In step 205, the user device 101 monitors for touch input and/or voice input provided by the user. The display 103 can monitor for touch input that may be entered by the user touching the display 103. In certain embodiments, the touch input may be provided by the user via an input device (not shown), such as any passive object (e.g., stylus, etc.). For example, the user can touch the touch display 103 with a finger, or with a stylus, to provide a touch input. In certain embodiments, the touch input and/or voice input can be received as a sequence of user actions provided via the touch input and/or voice input. The sequence of user actions can include, for example, a touch point and multiple touch points and/or subsequent multiple touch points that form one or more patterns (e.g., column, arch, check, swipe, cross, etc.).

Unlike the traditional approach, in some embodiments, the user input (e.g., touch input, the voice input, or combination thereof) is proactively provided by the user without presentation of an input prompt (within the display 103) that overlays or alters the media content. By way of example, input prompt, as used herein, can be an image (e.g., icon), a series of images, or a menu representing control functions to apply to the media content. These control functions can correspond to the functions described with respect to FIGS. 4-9. In this manner, the rendered media content is in no way obscured or otherwise altered (e.g., media content is resized to fit a menu). That is, the display 103 will not have a menu or images displayed for the purposes of manipulating the media contented. As indicated, traditionally, a menu or control icons may appear on top of the images or would alter the images to present such a menu or control icons.

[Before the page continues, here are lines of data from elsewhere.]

(* Let $(X,\tau,\mathcal{I})$ be an ideal topological space such that $(X,\tau)$ is semi-Alexandroff, $(X,\tau,\mathcal{I})$ is a $T_{\mathcal{I}}$-space, and $\mathcal{I}$ is a $\tau$-boundary. Then $\mathcal{I}$ is completely codense.
   Context: An ideal on a topological space $(X,\tau)$ is a nonempty collection $\mathcal{I}$ of subsets of $X$ closed under taking subsets and finite unions; $(X,\tau,\mathcal{I})$ is then called an ideal topological space. $(X,\tau,\mathcal{I})$ is a $T_{\mathcal{I}}$-space if for every $I\in\mathcal{I}$ and every $x\in X\setminus I$ there is a set $A_x\subseteq X$ with $x\in A_x$, $A_x\cap I=\emptyset$, and $A_x$ either open or closed. A set is semi-open if it lies between an open set and the closure of that open set. $(X,\tau)$ is semi-Alexandroff if every intersection of open sets is semi-open. $\mathcal{I}$ is a $\tau$-boundary if $\tau\cap\mathcal{I}=\{\emptyset\}$. A set $A$ is preopen if $A\subseteq \mathrm{Int}\,\overline{A}$; $\mathcal{I}$ is completely codense if the only preopen set belonging to $\mathcal{I}$ is $\emptyset$ (equivalently, every member of $\mathcal{I}$ is nowhere dense). *)

theory Defs
  imports "HOL-Analysis.Analysis"
begin

definition is_ideal_on :: "'a topology \<Rightarrow> 'a set set \<Rightarrow> bool" where
  "is_ideal_on T \<I> \<longleftrightarrow> \<I> \<noteq> {} \<and> (\<forall>A\<in>\<I>. A \<subseteq> topspace T) \<and>
     (\<forall>A B. A \<in> \<I> \<and> B \<subseteq> A \<longrightarrow> B \<in> \<I>) \<and>
     (\<forall>A B. A \<in> \<I> \<and> B \<in> \<I> \<longrightarrow> A \<union> B \<in> \<I>)"

definition semi_open_in :: "'a topology \<Rightarrow> 'a set \<Rightarrow> bool" where
  "semi_open_in T A \<longleftrightarrow> (\<exists>U. openin T U \<and> U \<subseteq> A \<and> A \<subseteq> T closure_of U)"

text \<open>Every intersection of open sets (the empty intersection being the whole space) is semi-open.\<close>
definition semi_Alexandroff :: "'a topology \<Rightarrow> bool" where
  "semi_Alexandroff T \<longleftrightarrow>
     (\<forall>\<F>. (\<forall>U\<in>\<F>. openin T U) \<longrightarrow> semi_open_in T (topspace T \<inter> \<Inter>\<F>))"

definition T_I_space :: "'a topology \<Rightarrow> 'a set set \<Rightarrow> bool" where
  "T_I_space T \<I> \<longleftrightarrow>
     (\<forall>I\<in>\<I>. \<forall>x \<in> topspace T - I. \<exists>A. A \<subseteq> topspace T \<and> x \<in> A \<and> A \<inter> I = {} \<and>
        (openin T A \<or> closedin T A))"

definition tau_boundary :: "'a topology \<Rightarrow> 'a set set \<Rightarrow> bool" where
  "tau_boundary T \<I> \<longleftrightarrow> {U. openin T U} \<inter> \<I> = {{}}"

definition preopen_in :: "'a topology \<Rightarrow> 'a set \<Rightarrow> bool" where
  "preopen_in T A \<longleftrightarrow> A \<subseteq> topspace T \<and> A \<subseteq> T interior_of (T closure_of A)"

definition completely_codense :: "'a topology \<Rightarrow> 'a set set \<Rightarrow> bool" where
  "completely_codense T \<I> \<longleftrightarrow> {A. preopen_in T A} \<inter> \<I> = {{}}"

end

theory Submission
  imports Defs
begin

(* A preopen member I of the ideal is an intersection of open sets: a point of
   int cl I outside I cannot be separated from I by an open set, since it lies in
   the closure of I, so the T_I axiom separates it by a closed set whose complement
   is an open superset of I. By semi-Alexandroffness I is then semi-open, i.e. it
   contains an open W with I contained in cl W. W lies in the ideal and is open,
   hence empty by the boundary condition, and so I is empty. *)

lemma ideal_preopen_eq_Inter_open:
  assumes "T_I_space T \<I>" and "I \<in> \<I>" and "preopen_in T I"
  obtains \<F> where "\<forall>V\<in>\<F>. openin T V" and "topspace T \<inter> \<Inter>\<F> = I"
proof -
  define U where "U = T interior_of (T closure_of I)"
  define \<F> where "\<F> = insert U {V. openin T V \<and> I \<subseteq> V}"
  have "\<forall>V\<in>\<F>. openin T V"
    unfolding \<F>_def U_def by simp
  have "I \<subseteq> topspace T" "I \<subseteq> U"
    using assms(3) unfolding preopen_in_def U_def by auto
  then have "I \<subseteq> topspace T \<inter> \<Inter>\<F>"
    unfolding \<F>_def by blast
  moreover have "x \<in> I" if x: "x \<in> topspace T \<inter> \<Inter>\<F>" for x
  proof (rule ccontr)
    assume "x \<notin> I"
    with x have "x \<in> topspace T - I"
      by blast
    with assms(1,2) obtain A where A: "x \<in> A" "A \<inter> I = {}" "openin T A \<or> closedin T A"
      unfolding T_I_space_def by blast
    have "x \<in> U"
      using x unfolding \<F>_def by blast
    then have "x \<in> T closure_of I"
      unfolding U_def by (rule subsetD[OF interior_of_subset])
    then have "\<not> openin T A"
      using A(1,2) by (auto simp: in_closure_of)
    then have "openin T (topspace T - A)"
      using A(3) by (simp add: openin_diff)
    with \<open>I \<subseteq> topspace T\<close> A(2) have "topspace T - A \<in> \<F>"
      unfolding \<F>_def by blast
    with x A(1) show False
      by blast
  qed
  ultimately have "topspace T \<inter> \<Inter>\<F> = I"
    by blast
  with \<open>\<forall>V\<in>\<F>. openin T V\<close> show thesis
    using that by blast
qed

lemma semi_open_in_tau_boundary_ideal_empty:
  assumes "is_ideal_on T \<I>" and "tau_boundary T \<I>"
    and "A \<in> \<I>" and "semi_open_in T A"
  shows "A = {}"
proof -
  obtain W where W: "openin T W" "W \<subseteq> A" "A \<subseteq> T closure_of W"
    using assms(4) unfolding semi_open_in_def by blast
  have "W \<in> \<I>"
    using assms(1,3) W(2) unfolding is_ideal_on_def by blast
  with W(1) assms(2) have "W = {}"
    unfolding tau_boundary_def by blast
  with W(3) show "A = {}"
    by simp
qed

lemma empty_in_ideal:
  assumes "is_ideal_on T \<I>"
  shows "{} \<in> \<I>"
  using assms unfolding is_ideal_on_def by blast

theorem mainTheorem1:
  fixes T :: "'a topology" and \<I> :: "'a set set"
  assumes "is_ideal_on T \<I>"
    and "semi_Alexandroff T"
    and "T_I_space T \<I>"
    and "tau_boundary T \<I>"
  shows "completely_codense T \<I>"
proof -
  have "I = {}" if I: "I \<in> \<I>" and "preopen_in T I" for I
  proof -
    obtain \<F> where "\<forall>V\<in>\<F>. openin T V" and I_eq: "topspace T \<inter> \<Inter>\<F> = I"
      by (rule ideal_preopen_eq_Inter_open[OF assms(3) I \<open>preopen_in T I\<close>])
    then have "semi_open_in T (topspace T \<inter> \<Inter>\<F>)"
      using assms(2) unfolding semi_Alexandroff_def by blast
    with I_eq have "semi_open_in T I"
      by simp
    then show "I = {}"
      by (rule semi_open_in_tau_boundary_ideal_empty[OF assms(1,4) I])
  qed
  moreover have "preopen_in T {}"
    unfolding preopen_in_def by simp
  ultimately show ?thesis
    using empty_in_ideal[OF assms(1)] unfolding completely_codense_def by blast
qed

end
(* For every tree $T$, the skew token sliding graph $\mathcal{Z}^{\mathrm{TS}}_-(T)$ contains no edges.
   Context: Skew forcing: vertices are colored blue or white; if any vertex $u$ (blue or white) has exactly one white neighbor $v$, then $u$ may force $v$ to become blue. A skew forcing set is a (possibly empty) set of initially blue vertices from which repeated application of this rule turns every vertex blue; $\mathrm{Z}_-(G)$ is the minimum size of a skew forcing set. $\mathcal{Z}^{\mathrm{TS}}_-(G)$ has as vertices the minimum skew forcing sets of $G$, with $S_1S_2$ an edge iff $S_1\setminus S_2=\{v_1\}$, $S_2\setminus S_1=\{v_2\}$ and $v_1v_2\in E(G)$. *)

theory Defs
  imports Main
begin

definition simple_graph :: "'a set \<Rightarrow> ('a \<Rightarrow> 'a \<Rightarrow> bool) \<Rightarrow> bool" where
  "simple_graph V E \<longleftrightarrow> finite V \<and> (\<forall>u v. E u v \<longrightarrow> u \<in> V \<and> v \<in> V)
     \<and> (\<forall>u v. E u v \<longrightarrow> E v u) \<and> (\<forall>u. \<not> E u u)"

definition connected_graph :: "'a set \<Rightarrow> ('a \<Rightarrow> 'a \<Rightarrow> bool) \<Rightarrow> bool" where
  "connected_graph V E \<longleftrightarrow> (\<forall>u\<in>V. \<forall>v\<in>V. E\<^sup>*\<^sup>* u v)"

definition has_cycle :: "'a set \<Rightarrow> ('a \<Rightarrow> 'a \<Rightarrow> bool) \<Rightarrow> bool" where
  "has_cycle V E \<longleftrightarrow> (\<exists>cs. length cs \<ge> 3 \<and> distinct cs \<and> set cs \<subseteq> V
     \<and> (\<forall>i. Suc i < length cs \<longrightarrow> E (cs ! i) (cs ! Suc i))
     \<and> E (last cs) (hd cs))"

definition tree :: "'a set \<Rightarrow> ('a \<Rightarrow> 'a \<Rightarrow> bool) \<Rightarrow> bool" where
  "tree V E \<longleftrightarrow> simple_graph V E \<and> V \<noteq> {} \<and> connected_graph V E \<and> \<not> has_cycle V E"
definition krein_space ::
  "('k::{real_normed_vector,banach} \<Rightarrow> 'k) \<Rightarrow> ('k \<Rightarrow> 'k \<Rightarrow> complex) \<Rightarrow> ('k \<Rightarrow> 'k) \<Rightarrow> bool" where
  "krein_space I form J \<longleftrightarrow>
     complex_structure I \<and>
     (\<forall>u v w. form (u + v) w = form u w + form v w) \<and>
     (\<forall>c u w. form (cscale I c u) w = c * form u w) \<and>
     (\<forall>u v. form u v = cnj (form v u)) \<and>
     bounded_linear J \<and> commutes_I I I J \<and> (\<forall>u. J (J u) = u) \<and>
     (\<forall>u v. form (J u) v = form u (J v)) \<and>
     (\<forall>u. form (J u) u = complex_of_real ((norm u)\<^sup>2))"

definition C0_group :: "('k::{real_normed_vector,banach} \<Rightarrow> 'k) \<Rightarrow> (real \<Rightarrow> ('k \<Rightarrow>\<^sub>L 'k)) \<Rightarrow> bool" where
  "C0_group I T \<longleftrightarrow>
     T 0 = id_blinfun \<and>
     (\<forall>s t. T (s + t) = T s o\<^sub>L T t) \<and>
     (\<forall>u. continuous_on UNIV (\<lambda>t. T t u)) \<and>
     (\<forall>t. commutes_I I I (blinfun_apply (T t)))"

definition generator :: "(real \<Rightarrow> ('k::{real_normed_vector,banach} \<Rightarrow>\<^sub>L 'k)) \<Rightarrow> 'k set \<Rightarrow> ('k \<Rightarrow> 'k) \<Rightarrow> bool" where
  "generator T D A \<longleftrightarrow>
     D = {u. \<exists>v. ((\<lambda>t. T t u) has_vector_derivative v) (at 0)} \<and>
     (\<forall>u\<in>D. ((\<lambda>t. T t u) has_vector_derivative A u) (at 0))"
lemma (in prob_space) expectation_finite_support:
  fixes Z :: "'a \<Rightarrow> 'b" and f :: "'b \<Rightarrow> real"
  assumes Z: "Z \<in> measurable M (count_space UNIV)" and "finite F"
    and total: "(\<Sum>z\<in>F. prob {x \<in> space M. Z x = z}) = 1"
  shows "expectation (\<lambda>x. f (Z x)) = (\<Sum>z\<in>F. prob {x \<in> space M. Z x = z} * f z)"
proof -
  note [measurable] = Z
  let ?A = "\<lambda>z. {x \<in> space M. Z x = z}"
  have A_events: "?A z \<in> events" for z
    by measurable
  have "prob (\<Union>z\<in>F. ?A z) = 1"
    using total \<open>finite F\<close>
    by (subst finite_measure_finite_Union) (auto simp: A_events disjoint_family_on_def)
  then have "AE x in M. x \<in> (\<Union>z\<in>F. ?A z)"
    by (rule AE_prob_1)
  then have "AE x in M. f (Z x) = (\<Sum>z\<in>F. f z * indicator (?A z) x)"
    by eventually_elim (auto simp: indicator_def \<open>finite F\<close> if_distrib sum.If_cases)
  then have "expectation (\<lambda>x. f (Z x)) = expectation (\<lambda>x. \<Sum>z\<in>F. f z * indicator (?A z) x)"
    by (rule integral_cong_AE[rotated 2])
      (auto intro: measurable_compose[OF Z] simp: A_events)
  also have "\<dots> = (\<Sum>z\<in>F. f z * prob (?A z))"
    by (subst Bochner_Integration.integral_sum) (auto simp: A_events emeasure_finite less_top[symmetric])
  finally show ?thesis
    by (simp add: mult.commute)
qed

lemma (in prob_space) variance_finite_support_le:
  fixes Z :: "'a \<Rightarrow> 'b" and f :: "'b \<Rightarrow> real"
  assumes Z: "Z \<in> measurable M (count_space UNIV)" and "finite F"
    and total: "(\<Sum>z\<in>F. prob {x \<in> space M. Z x = z}) = 1"
  shows "variance (\<lambda>x. f (Z x)) \<le> (\<Sum>z\<in>F. prob {x \<in> space M. Z x = z} * (f z - c)\<^sup>2)"
proof -
  have "variance (\<lambda>x. f (Z x))
      = (\<Sum>z\<in>F. prob {x \<in> space M. Z x = z} * (f z - expectation (\<lambda>x. f (Z x)))\<^sup>2)"
    by (rule expectation_finite_support[OF assms])
  also have "\<dots> \<le> (\<Sum>z\<in>F. prob {x \<in> space M. Z x = z} * (f z - c)\<^sup>2)"
    by (rule sum_weighted_sq_dev_le[OF total expectation_finite_support[OF assms]])
  finally show ?thesis .
qed

lemma joint_prob_nonneg: "joint_prob n l i j \<ge> 0"
  unfolding joint_prob_def ibinom_def by auto

lemma ibinom_of_nat: "ibinom (int a) (int b) = real (a choose b)"
  unfolding ibinom_def by simp

lemma joint_prob_eq:
  assumes "i \<le> L" "j \<le> R"
  shows "joint_prob (L + R + 1) (L + 1) i j
    = real ((i + j) choose i) * real ((L - i + (R - j)) choose (L - i))
      / (real (L + R + 1) * real ((L + R) choose L))"
proof -
  have "int (L + R + 1) - 1 = int (L + R)"
    and "int (L + 1) - 1 = int L"
    and "int i + int j = int (i + j)"
    and "int (L + R) - int i - int j = int (L - i + (R - j))"
    and "int L - int i = int (L - i)"
    using assms by simp_all
  note int_eqs = this
  show ?thesis
    unfolding joint_prob_def int_eqs ibinom_of_nat by simp
qed

lemma joint_prob_swap:
  assumes "i \<le> L" "j \<le> R"
  shows "joint_prob (L + R + 1) (L + 1) i j = joint_prob (R + L + 1) (R + 1) j i"
  unfolding joint_prob_eq[OF assms] joint_prob_eq[OF assms(2,1)]
  by (metis add.commute binomial_add_symmetric)

lemma sum_joint_prob_snd:
  assumes "i \<le> L"
  shows "(\<Sum>j\<le>R. joint_prob (L + R + 1) (L + 1) i j) = 1 / real (L + 1)"
proof -
  have "(\<Sum>j\<le>R. joint_prob (L + R + 1) (L + 1) i j)
      = real (\<Sum>j\<le>R. ((i + j) choose i) * ((L - i + (R - j)) choose (L - i)))
        / (real (L + R + 1) * real ((L + R) choose L))"
    unfolding of_nat_sum of_nat_mult sum_divide_distrib
    using assms by (intro sum.cong refl joint_prob_eq) auto
  also have "(\<Sum>j\<le>R. ((i + j) choose i) * ((L - i + (R - j)) choose (L - i))) = (L + R + 1) choose R"
    using sum_choose_mult_choose_upper[of i "L - i" R] assms by simp
  also have "real (L + R + 1) * real ((L + R) choose L) = real (L + 1) * real ((L + R + 1) choose R)"
    using Suc_times_binomial_eq[of "L + R" L] binomial_add_symmetric[of "L + 1" R]
    by (simp only: of_nat_mult[symmetric] of_nat_eq_iff) (simp add: add_ac)
  finally show ?thesis
    by simp
qed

In certain embodiments, the voice input can be in any form, including, for example, a spoken utterance by the user. In certain embodiments, user device may include a microphone 109 that can be utilized to monitor and detect the voice input. For example, the microphone 109 can be a built-in microphone of the user device 101 or may be an external microphone associated with and in communication with the device 101.

In step 207, the user device 101 via media application 107 determines whether an received input corresponds to a predetermined function. By way of example, the user device 101 determines whether a received touch input and/or voice input matches a predetermined function of a plurality of predetermined functions that can be applied to media content. The predetermined functions can correspond to a touch input, a voice input, or any combination thereof. The predetermined functions, and how they correlate to user input, can be customized by the user of user device 101, and/or by a service provider of media application 107, via media application 107.

If the input that the user provides is determined to match a predetermined function, the application 107 determines that the user desires to execute the predetermined function to apply to the media content. For example, if user input is determined to match at least one predetermined function, the user device 101, via application 107, can execute a rendering function to be applied to the image, in step 209. The user device 101 may declare that the predetermined function has been applied to the image. If the user input does not match a predetermined function, the user device may prompt the user to re-enter the input, in step 211.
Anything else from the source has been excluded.